Work to be completed:
Lines from the beginning of the data through the line containing "by (metis div_mult2_eq mult.commute)+" are to be copied exactly, with no other line included.
-=-=-
lemma kron_assoc: "kron (kron A B) C = kron A (kron B C)"
proof (rule eq_matI)
  fix i j assume i: "i < dim_row (kron A (kron B C))" and j: "j < dim_col (kron A (kron B C))"
  let ?rb = "dim_row B" and ?rc = "dim_row C" and ?cb = "dim_col B" and ?cc = "dim_col C"
  have pos: "?rb > 0" "?rc > 0" "?cb > 0" "?cc > 0" using i j by (auto intro!: gr0I)
  have i': "i < dim_row A * ?rb * ?rc" and j': "j < dim_col A * ?cb * ?cc"
    using i j by (simp_all add: mult.assoc)
  have i2: "i div ?rc < dim_row A * ?rb" and j2: "j div ?cc < dim_col A * ?cb"
    using i' j' by (simp_all add: less_mult_imp_div_less)
  have e1: "i div ?rc div ?rb = i div (?rb * ?rc)" and e2: "j div ?cc div ?cb = j div (?cb * ?cc)"
    by (metis div_mult2_eq mult.commute)+
  have "i mod (?rb * ?rc) = ?rc * (i div ?rc mod ?rb) + i mod ?rc"
    by (metis mod_mult2_eq mult.commute)
  then have e3: "i div ?rc mod ?rb = i mod (?rb * ?rc) div ?rc" using pos by simp
  have "j mod (?cb * ?cc) = ?cc * (j div ?cc mod ?cb) + j mod ?cc"
    by (metis mod_mult2_eq mult.commute)
  then have e4: "j div ?cc mod ?cb = j mod (?cb * ?cc) div ?cc" using pos by simp
  have e5: "i mod ?rc = i mod (?rb * ?rc) mod ?rc" and e6: "j mod ?cc = j mod (?cb * ?cc) mod ?cc"
    by (simp_all add: mod_mod_cancel)
  have m: "i mod (?rb * ?rc) < ?rb * ?rc" "j mod (?cb * ?cc) < ?cb * ?cc" using pos by simp_all
  have "kron (kron A B) C $$ (i, j) = kron A B $$ (i div ?rc, j div ?cc) * C $$ (i mod ?rc, j mod ?cc)"
    using i' j' by (intro index_kron) (simp_all add: mult.assoc)
  also have "\<dots> = A $$ (i div ?rc div ?rb, j div ?cc div ?cb) * B $$ (i div ?rc mod ?rb, j div ?cc mod ?cb)
        * C $$ (i mod ?rc, j mod ?cc)"
    using i2 j2 by (subst index_kron) simp_all
  also have "\<dots> = A $$ (i div (?rb * ?rc), j div (?cb * ?cc))
        * (B $$ (i mod (?rb * ?rc) div ?rc, j mod (?cb * ?cc) div ?cc)
           * C $$ (i mod (?rb * ?rc) mod ?rc, j mod (?cb * ?cc) mod ?cc))"
    unfolding e1 e2 e3 e4 by (simp add: mult.assoc flip: e5 e6)
  also have "\<dots> = kron A (kron B C) $$ (i, j)"
    using i j m by (simp add: index_kron)
  finally show "kron (kron A B) C $$ (i, j) = kron A (kron B C) $$ (i, j)" .
qed (simp_all add: mult.assoc)

lemma kron_mixed_product:
  assumes "dim_col A = dim_row C" and "dim_col B = dim_row D"
  shows "kron A B * kron C D = kron (A * C) (B * D)"
proof (rule eq_matI)
  fix i j assume i: "i < dim_row (kron (A * C) (B * D))" and j: "j < dim_col (kron (A * C) (B * D))"
  have pos: "dim_row B > 0" "dim_col D > 0" using i j by (auto intro!: gr0I)
  have i1: "i div dim_row B < dim_row A" and j1: "j div dim_col D < dim_col C"
    using i j by (simp_all add: less_mult_imp_div_less)
  have "(kron A B * kron C D) $$ (i, j)
      = (\<Sum>t < dim_col A * dim_col B. kron A B $$ (i, t) * kron C D $$ (t, j))"
    using i j assms by (subst index_mult_sum) auto
  also have "\<dots> = (\<Sum>t < dim_col A * dim_col B.
      (A $$ (i div dim_row B, t div dim_col B) * C $$ (t div dim_col B, j div dim_col D)) *
      (B $$ (i mod dim_row B, t mod dim_col B) * D $$ (t mod dim_col B, j mod dim_col D)))"
    using i j assms by (intro sum.cong refl) (simp add: index_kron ac_simps)
  also have "\<dots> = (\<Sum>t1 < dim_col A. A $$ (i div dim_row B, t1) * C $$ (t1, j div dim_col D)) *
       (\<Sum>t2 < dim_col B. B $$ (i mod dim_row B, t2) * D $$ (t2, j mod dim_col D))"
    by (rule sum_lessThan_mult_div_mod)
  also have "\<dots> = kron (A * C) (B * D) $$ (i, j)"
    using i j i1 j1 pos assms by (simp add: index_kron scalar_prod_def atLeast0LessThan)
  finally show "(kron A B * kron C D) $$ (i, j) = kron (A * C) (B * D) $$ (i, j)" .
qed auto

lemma kron_one_left: "kron (1\<^sub>m 1) A = A"
  by (rule eq_matI) (simp_all add: index_kron)

lemma kron_one_right: "kron A (1\<^sub>m 1) = A"
  by (rule eq_matI) (simp_all add: index_kron)

section \<open>Traces and the Jordan product\<close>

lemma mtrace_mult:
  assumes "A \<in> carrier_mat N K" and "B \<in> carrier_mat K N"
  shows "mtrace (A * B) = (\<Sum>a<N. \<Sum>b<K. A $$ (a, b) * B $$ (b, a))"
proof -
  have "(A * B) $$ (a, a) = (\<Sum>b<K. A $$ (a, b) * B $$ (b, a))" if "a < N" for a
    using assms that by (subst index_mult_sum) auto
  moreover have "dim_row (A * B) = N" using assms by simp
  ultimately show ?thesis unfolding mtrace_def by simp
qed

lemma mtrace_add_smult:
  assumes "A \<in> carrier_mat N N" and "B \<in> carrier_mat N N"
  shows "mtrace (A + c \<cdot>\<^sub>m B) = mtrace A + c * mtrace B"
  using assms unfolding mtrace_def by (simp add: sum.distrib sum_distrib_left)

lemma mtrace_mult_comm:
  assumes "A \<in> carrier_mat N N" and "B \<in> carrier_mat N N"
  shows "mtrace (A * B) = mtrace (B * A)"
proof -
  have "mtrace (A * B) = (\<Sum>a<N. \<Sum>b<N. B $$ (b, a) * A $$ (a, b))"
    using assms by (simp add: mtrace_mult mult.commute)
  also have "\<dots> = mtrace (B * A)"
    using assms by (subst sum.swap) (simp add: mtrace_mult)
  finally show ?thesis .
qed

definition jordan :: "complex mat \<Rightarrow> complex mat \<Rightarrow> complex mat" where
  "jordan A B = (1 / 2 :: complex) \<cdot>\<^sub>m (A * B + B * A)"

lemma jordan_carrier:
  "A \<in> carrier_mat N N \<Longrightarrow> B \<in> carrier_mat N N \<Longrightarrow> jordan A B \<in> carrier_mat N N"
  unfolding jordan_def by simp

lemma index_jordan:
  assumes "A \<in> carrier_mat N N" and "B \<in> carrier_mat N N" and "u < N" and "v < N"
  shows "jordan A B $$ (u, v) = (1 / 2) * ((\<Sum>t<N. A $$ (u, t) * B $$ (t, v)) + (\<Sum>t<N. B $$ (u, t) * A $$ (t, v)))"
  using assms unfolding jordan_def by (simp add: index_mult_sum del: index_mult_mat(1))

lemma mtrace_jordan:
  assumes "A \<in> carrier_mat N N" and "B \<in> carrier_mat N N"
  shows "mtrace (jordan A B) = mtrace (A * B)"
proof -
  have "mtrace (jordan A B) = (1 / 2) * (mtrace (A * B) + mtrace (B * A))"
    using assms unfolding jordan_def mtrace_def
    by (simp add: sum.distrib add_divide_distrib sum_divide_distrib[symmetric])
  then show ?thesis using mtrace_mult_comm[OF assms] by simp
qed

lemma jordan_kron_one_left:
  assumes K: "K \<in> carrier_mat a a" and T: "T \<in> carrier_mat b b" and C: "C \<in> carrier_mat b b"
  shows "jordan (kron K T) (kron (1\<^sub>m a) C) = kron K (jordan T C)"
proof -
  have "kron K T * kron (1\<^sub>m a) C = kron K (T * C)" and "kron (1\<^sub>m a) C * kron K T = kron K (C * T)"
    using assms by (simp_all add: kron_mixed_product)
  then have "jordan (kron K T) (kron (1\<^sub>m a) C) = (1 / 2) \<cdot>\<^sub>m (kron K (T * C) + kron K (C * T))"
    unfolding jordan_def by simp
  also have "\<dots> = kron K (jordan T C)"
  proof (rule eq_mat_mixed_radixI[of _ a b a b])
    fix i1 i2 j1 j2 assume "i1 < a" and "i2 < b" and "j1 < a" and "j2 < b"
    with assms show "((1 / 2) \<cdot>\<^sub>m (kron K (T * C) + kron K (C * T))) $$ (i1 * b + i2, j1 * b + j2)
        = kron K (jordan T C) $$ (i1 * b + i2, j1 * b + j2)"
      by (simp add: index_kron mixed_radix_less jordan_def distrib_left mult.left_commute)
  qed (use assms in \<open>auto intro!: kron_carrier jordan_carrier\<close>)
  finally show ?thesis .
qed

section \<open>Pauli matrices\<close>

lemma pauli_carrier: "pauli k \<in> carrier_mat 2 2"
  unfolding pauli_def mat_of_rows_list_def carrier_mat_def by simp

lemma dim_pauli [simp]: "dim_row (pauli k) = 2" "dim_col (pauli k) = 2"
  using pauli_carrier[of k] by auto

lemma pauli_n_carrier: "pauli_n n i \<in> carrier_mat (2 ^ n) (2 ^ n)"
proof (induction n arbitrary: i)
  case (Suc n)
  then show ?case using kron_carrier[OF pauli_carrier Suc.IH] by simp
qed simp

lemma dim_pauli_n [simp]: "dim_row (pauli_n n i) = 2 ^ n" "dim_col (pauli_n n i) = 2 ^ n"
  using pauli_n_carrier[of n i] by auto

lemma pauli_completeness_qubit:
  assumes "u < 2" and "v < 2" and "x < 2" and "y < 2"
  shows "(\<Sum>q<4. pauli q $$ (u, v) * pauli q $$ (x, y)) = (if u = y \<and> v = x then 2 else 0)"
proof -
  have "(\<Sum>q<4. f q) = f 0 + f 1 + f 2 + f 3" for f :: "nat \<Rightarrow> complex"
    by (simp add: numeral_eq_Suc lessThan_Suc add_ac)
  moreover have "u = 0 \<or> u = 1" "v = 0 \<or> v = 1" "x = 0 \<or> x = 1" "y = 0 \<or> y = 1"
    using assms by auto
  ultimately show ?thesis
    by (auto simp: pauli_def mat_of_rows_list_def)
qed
-=-=-
Result of this exercise:
lemma kron_assoc: "kron (kron A B) C = kron A (kron B C)"
proof (rule eq_matI)
  fix i j assume i: "i < dim_row (kron A (kron B C))" and j: "j < dim_col (kron A (kron B C))"
  let ?rb = "dim_row B" and ?rc = "dim_row C" and ?cb = "dim_col B" and ?cc = "dim_col C"
  have pos: "?rb > 0" "?rc > 0" "?cb > 0" "?cc > 0" using i j by (auto intro!: gr0I)
  have i': "i < dim_row A * ?rb * ?rc" and j': "j < dim_col A * ?cb * ?cc"
    using i j by (simp_all add: mult.assoc)
  have i2: "i div ?rc < dim_row A * ?rb" and j2: "j div ?cc < dim_col A * ?cb"
    using i' j' by (simp_all add: less_mult_imp_div_less)
  have e1: "i div ?rc div ?rb = i div (?rb * ?rc)" and e2: "j div ?cc div ?cb = j div (?cb * ?cc)"
    by (metis div_mult2_eq mult.commute)+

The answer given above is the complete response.